*What is needed*.
Begin at the line containing "then show ?case by (simp add: locally_lipschitz_mult)" and reproduce every line through the end of the entries below. Nothing else should appear.

*Data for this task*.
lemma locally_lipschitz_mult:
  assumes "locally_lipschitz n F" "locally_lipschitz n G"
  shows "locally_lipschitz n (\<lambda>z. F z * G z)"
  unfolding locally_lipschitz_def
proof
  fix a
  obtain d L where "d > 0" "L \<ge> 0" and F: "lipschitz_near n F a d L" and G: "lipschitz_near n G a d L"
    using locally_lipschitz_pair[OF assms] .
  define M where "M = max \<bar>F a\<bar> \<bar>G a\<bar> + L * d"
  have "M \<ge> 0" using \<open>d > 0\<close> \<open>L \<ge> 0\<close> by (simp add: M_def)
  have "lipschitz_near n (\<lambda>z. F z * G z) a d (2 * M * L)"
    unfolding lipschitz_near_def
  proof (intro allI impI)
    fix z w assume z: "max_dist n z a < d" and w: "max_dist n w a < d"
    have "\<bar>F z\<bar> \<le> M" "\<bar>G w\<bar> \<le> M"
      using lipschitz_near_bounded[OF F \<open>L \<ge> 0\<close> z] lipschitz_near_bounded[OF G \<open>L \<ge> 0\<close> w]
      by (auto simp: M_def)
    moreover have "\<bar>F z - F w\<bar> \<le> L * max_dist n z w" "\<bar>G z - G w\<bar> \<le> L * max_dist n z w"
      using F G z w unfolding lipschitz_near_def by blast+
    moreover have "F z * G z - F w * G w = F z * (G z - G w) + G w * (F z - F w)"
      by (simp add: algebra_simps)
    then have "\<bar>F z * G z - F w * G w\<bar> \<le> \<bar>F z\<bar> * \<bar>G z - G w\<bar> + \<bar>G w\<bar> * \<bar>F z - F w\<bar>"
      by (metis abs_mult abs_triangle_ineq)
    ultimately have "\<bar>F z * G z - F w * G w\<bar> \<le> M * (L * max_dist n z w) + M * (L * max_dist n z w)"
      by (smt (verit, best) abs_ge_zero mult_mono)
    then show "\<bar>F z * G z - F w * G w\<bar> \<le> 2 * M * L * max_dist n z w"
      by (simp add: algebra_simps)
  qed
  moreover have "2 * M * L \<ge> 0" using \<open>M \<ge> 0\<close> \<open>L \<ge> 0\<close> by simp
  ultimately show "\<exists>d>0. \<exists>L\<ge>0. lipschitz_near n (\<lambda>z. F z * G z) a d L"
    using \<open>d > 0\<close> by blast
qed

lemma locally_lipschitz_smooth_compose:
  assumes "smooth k g" "\<forall>j<k. locally_lipschitz n (G j)"
  shows "locally_lipschitz n (\<lambda>z. g (map (\<lambda>j. G j z) [0..<k]))"
  unfolding locally_lipschitz_def
proof
  fix a
  define p where "p = map (\<lambda>j. G j a) [0..<k]"
  obtain \<delta> K where "\<delta> > 0" "K \<ge> 0" and K: "\<forall>q r. length q = k \<longrightarrow> length r = k \<longrightarrow>
      (\<forall>i<k. \<bar>q ! i - p ! i\<bar> < \<delta>) \<longrightarrow> (\<forall>i<k. \<bar>r ! i - p ! i\<bar> < \<delta>) \<longrightarrow>
      \<bar>g q - g r\<bar> \<le> K * (\<Sum>i<k. \<bar>q ! i - r ! i\<bar>)"
    using smooth_lipschitz_near[OF assms(1), of p] by (auto simp: p_def)
  obtain d L where "d > 0" "L \<ge> 0" and G: "\<forall>j<k. lipschitz_near n (G j) a d L"
    using locally_lipschitz_uniform[OF assms(2)] by blast
  define d' where "d' = min d (\<delta> / (L + 1))"
  have "d' > 0" using \<open>d > 0\<close> \<open>\<delta> > 0\<close> \<open>L \<ge> 0\<close> by (simp add: d'_def)
  have near: "\<bar>G j z - p ! j\<bar> < \<delta>" if z: "max_dist n z a < d'" and j: "j < k" for z j
  proof -
    have "max_dist n a a < d" "max_dist n z a < d" using z \<open>d > 0\<close> by (auto simp: d'_def)
    then have "\<bar>G j z - G j a\<bar> \<le> L * max_dist n z a"
      using G j unfolding lipschitz_near_def by blast
    also have "\<dots> \<le> (L + 1) * max_dist n z a" by (simp add: max_dist_nonneg distrib_right)
    also have "\<dots> < (L + 1) * (\<delta> / (L + 1))"
      using z \<open>L \<ge> 0\<close> by (intro mult_strict_left_mono) (auto simp: d'_def)
    also have "\<dots> = \<delta>" using \<open>L \<ge> 0\<close> by simp
    finally show ?thesis using j by (simp add: p_def)
  qed
  have "lipschitz_near n (\<lambda>z. g (map (\<lambda>j. G j z) [0..<k])) a d' (K * (k * L))"
    unfolding lipschitz_near_def
  proof (intro allI impI)
    fix z w assume z: "max_dist n z a < d'" and w: "max_dist n w a < d'"
    have "\<bar>g (map (\<lambda>j. G j z) [0..<k]) - g (map (\<lambda>j. G j w) [0..<k])\<bar> \<le>
        K * (\<Sum>i<k. \<bar>G i z - G i w\<bar>)"
      using K[rule_format, of "map (\<lambda>j. G j z) [0..<k]" "map (\<lambda>j. G j w) [0..<k]"]
        near[OF z] near[OF w] by simp
    also have "\<dots> \<le> K * (\<Sum>i<k. L * max_dist n z w)"
      using G z w \<open>K \<ge> 0\<close> unfolding lipschitz_near_def d'_def
      by (intro mult_left_mono sum_mono) auto
    also have "\<dots> = K * (k * L) * max_dist n z w" by simp
    finally show "\<bar>g (map (\<lambda>j. G j z) [0..<k]) - g (map (\<lambda>j. G j w) [0..<k])\<bar> \<le>
        K * (k * L) * max_dist n z w" .
  qed
  moreover have "K * (k * L) \<ge> 0" using \<open>K \<ge> 0\<close> \<open>L \<ge> 0\<close> by simp
  ultimately show "\<exists>d>0. \<exists>L\<ge>0. lipschitz_near n (\<lambda>z. g (map (\<lambda>j. G j z) [0..<k])) a d L"
    using \<open>d' > 0\<close> by blast
qed

lemma tsem_locally_lipschitz:
  assumes smooth: "\<forall>g. smooth (ar g) (I g)" and "wf_trm ar t"
  shows "locally_lipschitz (length vs) (\<lambda>z. tsem I t (assign vs z \<nu>))"
  using assms(2)
proof (induction t)
  case (Var v)
  show ?case by (rule locally_lipschitz_nonexpansive) (simp add: assign_dist)
next
  case (Const r)
  show ?case by (rule locally_lipschitz_nonexpansive) (simp add: max_dist_nonneg)
next
  case (Plus t1 t2)
  then show ?case by (simp add: locally_lipschitz_add)
next
  case (Times t1 t2)
  then show ?case by (simp add: locally_lipschitz_mult)
next
  case (Fn g ts)
  have "map (\<lambda>t. tsem I t s) ts = map (\<lambda>j. tsem I (ts ! j) s) [0..<length ts]" for s
    by (rule nth_equalityI) auto
  moreover have "locally_lipschitz (length vs)
      (\<lambda>z. I g (map (\<lambda>j. tsem I (ts ! j) (assign vs z \<nu>)) [0..<ar g]))"
    using Fn smooth by (intro locally_lipschitz_smooth_compose) auto
  ultimately show ?case using Fn.prems by simp
qed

*Reply to the task*.
  then show ?case by (simp add: locally_lipschitz_mult)
next
  case (Fn g ts)
  have "map (\<lambda>t. tsem I t s) ts = map (\<lambda>j. tsem I (ts ! j) s) [0..<length ts]" for s
    by (rule nth_equalityI) auto
  moreover have "locally_lipschitz (length vs)
      (\<lambda>z. I g (map (\<lambda>j. tsem I (ts ! j) (assign vs z \<nu>)) [0..<ar g]))"
    using Fn smooth by (intro locally_lipschitz_smooth_compose) auto
  ultimately show ?case using Fn.prems by simp
qed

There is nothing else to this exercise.